In the failing hearts in the present study we found that glibenclamide caused significant reductions of the PCr/ATP ratio and ATP production rate and that this was associated with tissue hypoxia. The degree to which these HEP changes were the result of hypoperfusion caused by glibenclamide vs. impairment of the ability of the myocardium to respond to the reduced oxygen availability is uncertain. It is of interest that the magnitude of the loss of PCr in response to glibenclamide in these failing hearts was very similar to that previously observed in normal hearts. This suggests that although the decrease in myocardial blood flow in response to glibenclamide was greater in the failing hearts than in normal hearts, the metabolic adjustment to this reduction of oxygen delivery was similar to normal hearts.

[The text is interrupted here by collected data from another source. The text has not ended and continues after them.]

(* Let $\Lambda$ be a set with $\operatorname{Card}\Lambda\geq\aleph$ and let $(Y,\tau_d)$ be any dendrite. Then there exists an upper semicontinuous decomposition $\mathcal D$ of $(\{0,1\}^\Lambda,\tau_0^\Lambda)$ whose decomposition space $(\mathcal D,\tau(\mathcal D))$ is homeomorphic to $Y$; in particular $(\mathcal D,\tau(\mathcal D))$ is a metrizable space which is a dendrite, although $(\{0,1\}^\Lambda,\tau_0^\Lambda)$ itself is not metrizable.
   Context: $\{0,1\}^\Lambda=\{\varphi:\Lambda\to\{0,1\}\}$ carries the topology $\tau_0^\Lambda$, the product topology of the discrete topology $\tau_0$ on $\{0,1\}$ (base: sets $\{\varphi;\ \varphi(\lambda_i)\in G_{\lambda_i},\ i=1,\dots,n\}$ with $G_{\lambda_i}\subset\{0,1\}$, finitely many $\lambda_i\in\Lambda$). A dendrite is a locally connected, connected, compact metric space containing no simple closed curve. A decomposition $\mathcal D$ of $X$ is a collection of nonempty pairwise disjoint subsets with union $X$; the decomposition topology is $\tau(\mathcal D)=\{\mathcal U\subset\mathcal D;\ \bigcup_{D\in\mathcal U}D \text{ open in } X\}$. $\mathcal D$ is upper semicontinuous if for every $D\in\mathcal D$ and open $U\supseteq D$ there is an open $u\supseteq D$ with $A\subset U$ for all $A\in\mathcal D$ meeting $u$. *)

theory Defs
  imports "HOL-Analysis.Analysis"
begin

definition cantor_cube :: "'i set \<Rightarrow> ('i \<Rightarrow> nat) topology" where
  "cantor_cube L = product_topology (\<lambda>_. discrete_topology {0::nat, 1}) L"

definition decomposition :: "'a topology \<Rightarrow> 'a set set \<Rightarrow> bool" where
  "decomposition X D \<longleftrightarrow> (\<forall>A\<in>D. A \<noteq> {}) \<and> pairwise disjnt D \<and> \<Union>D = topspace X"

definition decomposition_topology :: "'a topology \<Rightarrow> 'a set set \<Rightarrow> 'a set topology" where
  "decomposition_topology X D = topology (\<lambda>U. U \<subseteq> D \<and> openin X (\<Union>U))"

definition upper_semicontinuous_decomposition :: "'a topology \<Rightarrow> 'a set set \<Rightarrow> bool" where
  "upper_semicontinuous_decomposition X D \<longleftrightarrow> decomposition X D \<and>
     (\<forall>E\<in>D. \<forall>U. openin X U \<and> E \<subseteq> U \<longrightarrow>
        (\<exists>u. openin X u \<and> E \<subseteq> u \<and> (\<forall>A\<in>D. A \<inter> u \<noteq> {} \<longrightarrow> A \<subseteq> U)))"

definition dendrite :: "'a::metric_space set \<Rightarrow> bool" where
  "dendrite Y \<longleftrightarrow> Y \<noteq> {} \<and> compact Y \<and> connected Y \<and> locally connected Y \<and>
     \<not> (\<exists>C. C \<subseteq> Y \<and> C homeomorphic (sphere (0::complex) 1))"

end

theory Submission
  imports Defs
begin

text \<open>Only compactness of the dendrite \<open>Y\<close> matters. Countably many coordinates of the Cantor cube
  code a sequence of points taken from finer and finer finite nets of \<open>Y\<close>; after damping the jumps of
  this sequence it converges uniformly in the code, so its limit is a continuous surjection \<open>G\<close> from
  the cube onto \<open>Y\<close>. As the cube is compact and \<open>Y\<close> Hausdorff, \<open>G\<close> is a closed quotient map, so the
  fibres of \<open>G\<close> form an upper semicontinuous decomposition whose decomposition space is homeomorphic
  to \<open>Y\<close>. The cube itself is an uncountable product of non-trivial spaces, hence not metrizable.\<close>

lemma Union_Int_pairwise_disjnt:
  assumes "pairwise disjnt D" "U \<subseteq> D" "V \<subseteq> D"
  shows "\<Union>(U \<inter> V) = \<Union>U \<inter> \<Union>V"
proof
  show "\<Union>U \<inter> \<Union>V \<subseteq> \<Union>(U \<inter> V)"
  proof
    fix x assume "x \<in> \<Union>U \<inter> \<Union>V"
    then obtain A B where "A \<in> U" "B \<in> V" "x \<in> A" "x \<in> B"
      by blast
    moreover from this assms have "A = B"
      unfolding pairwise_def disjnt_def by blast
    ultimately show "x \<in> \<Union>(U \<inter> V)"
      by blast
  qed
qed blast

lemma openin_decomposition_topology:
  assumes "pairwise disjnt D"
  shows "openin (decomposition_topology X D) U \<longleftrightarrow> U \<subseteq> D \<and> openin X (\<Union>U)"
proof -
  have "istopology (\<lambda>U. U \<subseteq> D \<and> openin X (\<Union>U))"
    unfolding istopology_def
  proof (rule conjI; intro allI impI)
    fix U V assume "U \<subseteq> D \<and> openin X (\<Union>U)" "V \<subseteq> D \<and> openin X (\<Union>V)"
    then show "U \<inter> V \<subseteq> D \<and> openin X (\<Union>(U \<inter> V))"
      using Union_Int_pairwise_disjnt[OF assms] by auto
  next
    fix \<K> assume "\<forall>U\<in>\<K>. U \<subseteq> D \<and> openin X (\<Union>U)"
    moreover have "\<Union>(\<Union>\<K>) = \<Union>(Union ` \<K>)" by blast
    ultimately show "\<Union>\<K> \<subseteq> D \<and> openin X (\<Union>(\<Union>\<K>))"
      by (auto intro: openin_Union)
  qed
  then show ?thesis
    unfolding decomposition_topology_def by simp
qed

lemma topspace_decomposition_topology:
  assumes "decomposition X D"
  shows "topspace (decomposition_topology X D) = D"
proof
  have disj: "pairwise disjnt D" and cover: "\<Union>D = topspace X"
    using assms by (auto simp: decomposition_def)
  show "topspace (decomposition_topology X D) \<subseteq> D"
    using openin_decomposition_topology[OF disj] openin_topspace by blast
  have "openin (decomposition_topology X D) D"
    by (simp add: openin_decomposition_topology[OF disj] cover)
  then show "D \<subseteq> topspace (decomposition_topology X D)"
    by (rule openin_subset)
qed

lemma quotient_map_decomposition_topology:
  assumes D: "decomposition X D" and p: "\<And>x. x \<in> topspace X \<Longrightarrow> x \<in> p x \<and> p x \<in> D"
  shows "quotient_map X (decomposition_topology X D) p"
proof -
  have disj: "pairwise disjnt D" and cover: "\<Union>D = topspace X" and ne: "\<forall>A\<in>D. A \<noteq> {}"
    using D by (auto simp: decomposition_def)
  have member: "p x = A" if "A \<in> D" "x \<in> A" for x A
    using that p[of x] cover disj by (auto simp: pairwise_def disjnt_def)
  have image: "p ` topspace X = D"
  proof
    show "p ` topspace X \<subseteq> D"
      using p by blast
    show "D \<subseteq> p ` topspace X"
    proof
      fix A assume "A \<in> D"
      then obtain x where "x \<in> A"
        using ne by blast
      with \<open>A \<in> D\<close> have "x \<in> topspace X" "p x = A"
        using cover member by auto
      then show "A \<in> p ` topspace X"
        by blast
    qed
  qed
  have preimage: "{x \<in> topspace X. p x \<in> U} = \<Union>U" if "U \<subseteq> D" for U
  proof
    show "{x \<in> topspace X. p x \<in> U} \<subseteq> \<Union>U"
      using p by blast
    show "\<Union>U \<subseteq> {x \<in> topspace X. p x \<in> U}"
    proof
      fix x assume "x \<in> \<Union>U"
      then obtain A where "A \<in> U" "x \<in> A"
        by blast
      with that have "A \<in> D"
        by blast
      with \<open>x \<in> A\<close> have "x \<in> topspace X" "p x = A"
        using cover member by auto
      with \<open>A \<in> U\<close> show "x \<in> {x \<in> topspace X. p x \<in> U}"
        by simp
    qed
  qed
  show ?thesis
    unfolding quotient_map_def topspace_decomposition_topology[OF D]
  proof (intro conjI allI impI image)
    fix U assume "U \<subseteq> D"
    then show "openin X {x \<in> topspace X. p x \<in> U} \<longleftrightarrow> openin (decomposition_topology X D) U"
      by (simp add: preimage openin_decomposition_topology[OF disj])
  qed
qed

definition fibre_decomposition :: "'a topology \<Rightarrow> ('a \<Rightarrow> 'b) \<Rightarrow> 'a set set" where
  "fibre_decomposition X f = (\<lambda>y. {x \<in> topspace X. f x = y}) ` f ` topspace X"

lemma decomposition_fibre_decomposition: "decomposition X (fibre_decomposition X f)"
  unfolding decomposition_def fibre_decomposition_def pairwise_def disjnt_def by auto

lemma homeomorphic_space_fibre_decomposition:
  assumes f: "quotient_map X Y f"
  shows "decomposition_topology X (fibre_decomposition X f) homeomorphic_space Y"
proof -
  define D where "D = fibre_decomposition X f"
  define p where "p x = {x' \<in> topspace X. f x' = f x}" for x
  define \<phi> where "\<phi> A = f (SOME x. x \<in> A)" for A
  have D: "decomposition X D"
    by (simp add: D_def decomposition_fibre_decomposition)
  have p: "quotient_map X (decomposition_topology X D) p"
  proof (rule quotient_map_decomposition_topology[OF D])
    fix x assume x: "x \<in> topspace X"
    then have "p x \<in> D"
      unfolding D_def fibre_decomposition_def p_def by (intro imageI)
    with x show "x \<in> p x \<and> p x \<in> D"
      by (simp add: p_def)
  qed
  have \<phi>p: "\<phi> (p x) = f x" if "x \<in> topspace X" for x
  proof -
    have "(SOME x'. x' \<in> p x) \<in> p x"
      unfolding some_in_eq using that by (auto simp: p_def)
    then show ?thesis
      by (simp add: \<phi>_def p_def)
  qed
  have "quotient_map X Y (\<phi> \<circ> p)"
    using quotient_map_eq[OF f, of "\<phi> \<circ> p"] \<phi>p by simp
  then have "quotient_map (decomposition_topology X D) Y \<phi>"
    by (rule quotient_map_compose_eq[OF p, THEN iffD1])
  moreover have "inj_on \<phi> D"
  proof (rule inj_onI)
    fix A B assume "A \<in> D" "B \<in> D" "\<phi> A = \<phi> B"
    moreover have "\<exists>a \<in> topspace X. A = p a" if "A \<in> D" for A
      using that by (auto simp: D_def fibre_decomposition_def p_def)
    ultimately obtain a b where "a \<in> topspace X" "b \<in> topspace X" "A = p a" "B = p b"
      by metis
    with \<open>\<phi> A = \<phi> B\<close> show "A = B"
      by (simp add: \<phi>p) (simp add: p_def)
  qed
  ultimately have "homeomorphic_map (decomposition_topology X D) Y \<phi>"
    by (simp add: homeomorphic_map_def topspace_decomposition_topology[OF D])
  then show ?thesis
    unfolding D_def by (rule homeomorphic_map_imp_homeomorphic_space)
qed

lemma upper_semicontinuous_fibre_decomposition:
  assumes cont: "continuous_map X Y f" and closed: "closed_map X Y f"
  shows "upper_semicontinuous_decomposition X (fibre_decomposition X f)"
  unfolding upper_semicontinuous_decomposition_def
proof (intro conjI ballI allI impI decomposition_fibre_decomposition)
  fix E U assume "E \<in> fibre_decomposition X f" and U: "openin X U \<and> E \<subseteq> U"
  then obtain y where E: "E = {x \<in> topspace X. f x = y}"
    by (auto simp: fibre_decomposition_def)
  \<comment> \<open>Saturating the complement of \<open>U\<close> keeps it closed because \<open>f\<close> is closed and continuous.\<close>
  define u where "u = topspace X - {x \<in> topspace X. f x \<in> f ` (topspace X - U)}"
  have "closedin Y (f ` (topspace X - U))"
    using closed U by (auto simp: closed_map_def)
  then have "openin X u"
    unfolding u_def using closedin_continuous_map_preimage[OF cont] by blast
  moreover have "E \<subseteq> u"
    using U by (auto simp: E u_def)
  moreover have "A \<subseteq> U" if A: "A \<in> fibre_decomposition X f" and Au: "A \<inter> u \<noteq> {}" for A
  proof
    fix z assume "z \<in> A"
    obtain a where "a \<in> A" "a \<in> u"
      using Au by blast
    with \<open>z \<in> A\<close> A have "z \<in> topspace X" "f z = f a" "f a \<notin> f ` (topspace X - U)"
      by (auto simp: fibre_decomposition_def u_def)
    then show "z \<in> U"
      by (metis DiffI image_eqI)
  qed
  ultimately show "\<exists>u. openin X u \<and> E \<subseteq> u \<and>
      (\<forall>A\<in>fibre_decomposition X f. A \<inter> u \<noteq> {} \<longrightarrow> A \<subseteq> U)"
    by blast
qed

lemma topspace_cantor_cube: "topspace (cantor_cube L) = PiE L (\<lambda>_. {0, 1})"
  by (simp add: cantor_cube_def)

lemma compact_space_cantor_cube: "compact_space (cantor_cube L)"
  by (simp add: cantor_cube_def compact_space_product_topology compact_space_discrete_topology)

lemma not_metrizable_cantor_cube:
  assumes "uncountable L"
  shows "\<not> metrizable_space (cantor_cube L)"
proof -
  have "(\<lambda>i\<in>L. 0) \<in> topspace (cantor_cube L)"
    by (simp add: topspace_cantor_cube)
  then have "cantor_cube L \<noteq> trivial_topology"
    by auto
  moreover have "{i \<in> L. \<not> (\<exists>a. topspace (discrete_topology {0::nat, 1}) \<subseteq> {a})} = L"
    by auto
  ultimately show ?thesis
    using assms by (simp add: cantor_cube_def metrizable_space_product_topology)
qed

lemma continuous_map_discrete_product_finitely_determined:
  fixes S :: "'i \<Rightarrow> 'b set" and I :: "'i set"
  defines "P \<equiv> product_topology (\<lambda>i. discrete_topology (S i)) I"
  assumes "finite T" and f: "f \<in> topspace P \<rightarrow> topspace Z"
    and det: "\<And>x y. \<lbrakk>x \<in> topspace P; y \<in> topspace P; \<forall>i\<in>T. x i = y i\<rbrakk> \<Longrightarrow> f x = f y"
  shows "continuous_map P Z f"
  unfolding continuous_map_def
proof (intro conjI allI impI f)
  fix V assume V: "openin Z V"
  show "openin P {x \<in> topspace P. f x \<in> V}"
  proof (subst openin_subopen, intro ballI)
    fix x assume x: "x \<in> {x \<in> topspace P. f x \<in> V}"
    \<comment> \<open>The cylinder fixing the coordinates in \<open>T\<close> is a neighbourhood of \<open>x\<close> on which \<open>f\<close> is constant.\<close>
    define C where "C = PiE I (\<lambda>i. if i \<in> T then {x i} else S i)"
    have xP: "x \<in> PiE I S"
      using x by (simp add: P_def)
    have "openin P C"
      unfolding P_def C_def openin_PiE_gen
      using xP by (intro disjI2 conjI ballI) (auto simp: PiE_iff intro: finite_subset[OF _ \<open>finite T\<close>])
    moreover have "x \<in> C"
      using xP by (auto simp: C_def PiE_iff)
    moreover have "C \<subseteq> {x \<in> topspace P. f x \<in> V}"
    proof
      fix y assume y: "y \<in> C"
      have "C \<subseteq> PiE I S"
        unfolding C_def using xP by (intro PiE_mono) (auto simp: PiE_iff)
      with y have yP: "y \<in> topspace P"
        by (auto simp: P_def)
      have "y i = x i" if "i \<in> T" for i
      proof (cases "i \<in> I")
        case True
        then show ?thesis
          using PiE_mem[OF y[unfolded C_def] True] that by simp
      next
        case False
        then show ?thesis
          using y xP by (metis C_def PiE_arb)
      qed
      then have "f y = f x"
        using det[OF yP, of x] x by simp
      then show "y \<in> {x \<in> topspace P. f x \<in> V}"
        using x yP by simp
    qed
    ultimately show "\<exists>C. openin P C \<and> x \<in> C \<and> C \<subseteq> {x \<in> topspace P. f x \<in> V}"
      by blast
  qed
qed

The coronary vasoconstriction and decreased coronary flow caused by K_ATP channel blockade appears to augment adenosine production in the heart. Samaha et al ⁹ reported that in anesthetized open chest normal dogs intracoronary glibenclamide caused an oscillating pattern of coronary blood flow with periods of decreased flow alternating with intervals of increased flow. Using 31P NMR spectroscopy to measure myocardial HEP, they found that PCr/ATP ratios fell during the flow troughs and increased during the flow peaks while Pi/ATP ratios changed in a reciprocal manner. Both the oscillations of blood flow and HEP changes were abolished by 8-phenyltheophylline, demonstrating that adenosine acted to modulate the effect of K_ATP channel blockade. For this reason, in insure stable HEP measurements in the present study adenosine receptor blockade was established prior to NMR spectroscopy to remove possible interfering effects of adenosine on the HEP measurements.

Conclusions

K_ATP channels but not adenosine receptors are important in maintaining the balance between oxygen delivery and demand in the failing heart.